Integrated movement and force analysis of the precision grip-lift sequence (grasping an object between index finger and thumb) is a useful tool in studies on manipulative hand functions. The everyday Manual Transport tasks, moving objects from one place to another, exhibits powerful test possibilities because it includes the precision grip. In this study, as a step towards the exploitation of these possibilities, we created an algorithm that extracts sequence of phases in this task.
The mathematical and dynamical properties of the movement and force signals were used to determine the start and the end of each phase. The grip-lift synergy was quantified by the con-elation coefficient during each phase.
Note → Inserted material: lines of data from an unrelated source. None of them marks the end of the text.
(* Let $n\ge3$, $c>0$, and let $\omega$ be as in the context. Then: (i) for all $x\ge x_0$, $(\gamma(x)+nc)\,x\,\frac{\omega'(x)}{\omega(x)}=2\gamma(x)-x\gamma'(x)-3nc$; (ii) $2x_0\omega''(x_0)+\omega'(x_0)>0$ and $\lim_{x\to\infty}\left(2x\omega''(x)+\omega'(x)\right)>0$; (iii) $\omega(x)-x\omega'(x)$ is bounded on $[0,\infty)$.
   Context: Definition of $\gamma$: For $n\ge 3$, $c>0$ and $x\ge 0$ put $\alpha(x)=nc+\frac{n}{2(n-1)}x-\frac{n-2}{2(n-1)}\sqrt{x^2+4(n-1)cx}$, $y_n=4(1-n)+\frac{2(n^2-4)}{\sqrt{2n-5}}\cos\!\left(\frac13\arctan\frac{n^2-4n+6}{2(n-1)\sqrt{2n-5}}\right)$, $x_0=y_nc$, $\beta(x)=\alpha(x_0)+\alpha'(x_0)(x-x_0)+\frac12\alpha''(x_0)(x-x_0)^2$, and $\gamma(x)=\alpha(x)$ for $x\ge x_0$, $\gamma(x)=\beta(x)$ for $0\le x<x_0$. Definition of $\omega$: $\omega$ is a positive $C^2$ function on $[0,\infty)$ such that for $x\ge x_0$ \[\omega(x)=\frac{x^2}{\sqrt{x^2+4(n-1)cx}}\left[\left(1+\frac{n^2c}{x}\right)\frac{\frac{n}{n-2}-\left(1+4(n-1)c/x\right)^{-1/2}}{\frac{n}{n-2}+\left(1+4(n-1)c/x\right)^{-1/2}}\right]^2.\] (On $[0,x_0)$, $\omega$ is an arbitrary positive $C^2$ extension; derivatives at $x_0$ are those of this $C^2$ function.) *)

theory Defs
  imports "HOL-Analysis.Analysis"
begin

definition alpha :: "nat \<Rightarrow> real \<Rightarrow> real \<Rightarrow> real" where
  "alpha n c x = real n * c + real n / (2 * (real n - 1)) * x
     - (real n - 2) / (2 * (real n - 1)) * sqrt (x^2 + 4 * (real n - 1) * c * x)"

definition y_n :: "nat \<Rightarrow> real" where
  "y_n n = 4 * (1 - real n) + 2 * ((real n)^2 - 4) / sqrt (2 * real n - 5)
     * cos (1/3 * arctan (((real n)^2 - 4 * real n + 6) / (2 * (real n - 1) * sqrt (2 * real n - 5))))"

definition x_0 :: "nat \<Rightarrow> real \<Rightarrow> real" where
  "x_0 n c = y_n n * c"

definition beta :: "nat \<Rightarrow> real \<Rightarrow> real \<Rightarrow> real" where
  "beta n c x = alpha n c (x_0 n c) + deriv (alpha n c) (x_0 n c) * (x - x_0 n c)
     + 1/2 * deriv (deriv (alpha n c)) (x_0 n c) * (x - x_0 n c)^2"

definition gamma :: "nat \<Rightarrow> real \<Rightarrow> real \<Rightarrow> real" where
  "gamma n c x = (if x \<ge> x_0 n c then alpha n c x else beta n c x)"

definition omega_formula :: "nat \<Rightarrow> real \<Rightarrow> real \<Rightarrow> real" where
  "omega_formula n c x = x^2 / sqrt (x^2 + 4 * (real n - 1) * c * x) *
     ((1 + (real n)^2 * c / x) *
      (real n / (real n - 2) - 1 / sqrt (1 + 4 * (real n - 1) * c / x)) /
      (real n / (real n - 2) + 1 / sqrt (1 + 4 * (real n - 1) * c / x)))^2"

end

theory Submission
  imports Defs
begin
text \<open>
  Each \<open>\<sigma>\<^sub>i\<close> with \<open>i \<le> n - 3\<close> fixes \<open>\<top>\<close> and sends nothing else to \<open>\<top>\<close>, so steps of a walk
  preserve \<open>x\<inverse>(\<top>)\<close>. Conversely, if the image of a homomorphism \<open>u\<close> misses \<open>i\<close> but contains
  \<open>i + 1\<close>, then \<open>g\<^sub>i \<circ> u\<close> is again a homomorphism and \<open>u = f\<^sub>i \<circ> g\<^sub>i \<circ> u\<close>, so \<open>u\<close> and \<open>g\<^sub>i \<circ> u\<close>
  are adjacent whichever of \<open>f\<^sub>i, g\<^sub>i\<close> is \<open>\<sigma>\<^sub>i\<close>. Closing gaps this way ends in a homomorphism
  whose image below \<open>\<top>\<close> is an initial segment. Since \<open>u a \<le> u b\<close> iff \<open>u (a \<rightarrow> b) = \<top>\<close>, the
  preorder induced by \<open>u\<close> depends only on \<open>u\<inverse>(\<top>)\<close>, and a gap-free homomorphism is determined
  by its top preimage and its preorder. So \<open>x\<close> and \<open>y\<close> with the same top preimage reach the
  same gap-free homomorphism.
\<close>

lemma HomC_D:
  assumes "u \<in> HomC A n"
  shows "\<And>a. a \<in> hcarrier A \<Longrightarrow> u a < n"
    and "u (hbot A) = 0" and "u (htop A) = n - 1"
    and "\<And>a b. a \<in> hcarrier A \<Longrightarrow> b \<in> hcarrier A \<Longrightarrow> u (hmeet A a b) = min (u a) (u b)"
    and "\<And>a b. a \<in> hcarrier A \<Longrightarrow> b \<in> hcarrier A \<Longrightarrow> u (hjoin A a b) = max (u a) (u b)"
    and "\<And>a b. a \<in> hcarrier A \<Longrightarrow> b \<in> hcarrier A \<Longrightarrow>
           u (himp A a b) = (if u a \<le> u b then n - 1 else u b)"
    and "u \<in> extensional (hcarrier A)"
  using assms by (auto simp: HomC_def hom_def Cn_def Pi_def)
Eight patients with Parkinson's Disease (PD) and 10 healthy persons were studied. The PD patients were tested both in the medicated (ON) and the unmedicated (OFF) state. The object was lifted with the index finger and the thumb, moved a short distance, and put down on a shelf. The preliminary results of these experiments displayed significantly higher coordination between the grip and load forces in the initial phases, before the lift was completely established, than during the transport phases. This was evident both in PD patients and healthy subjects.
This method provides an automatic analysis of the motor performance during an arm-hand movement that is important in daily life to aid in clinical diagnosis.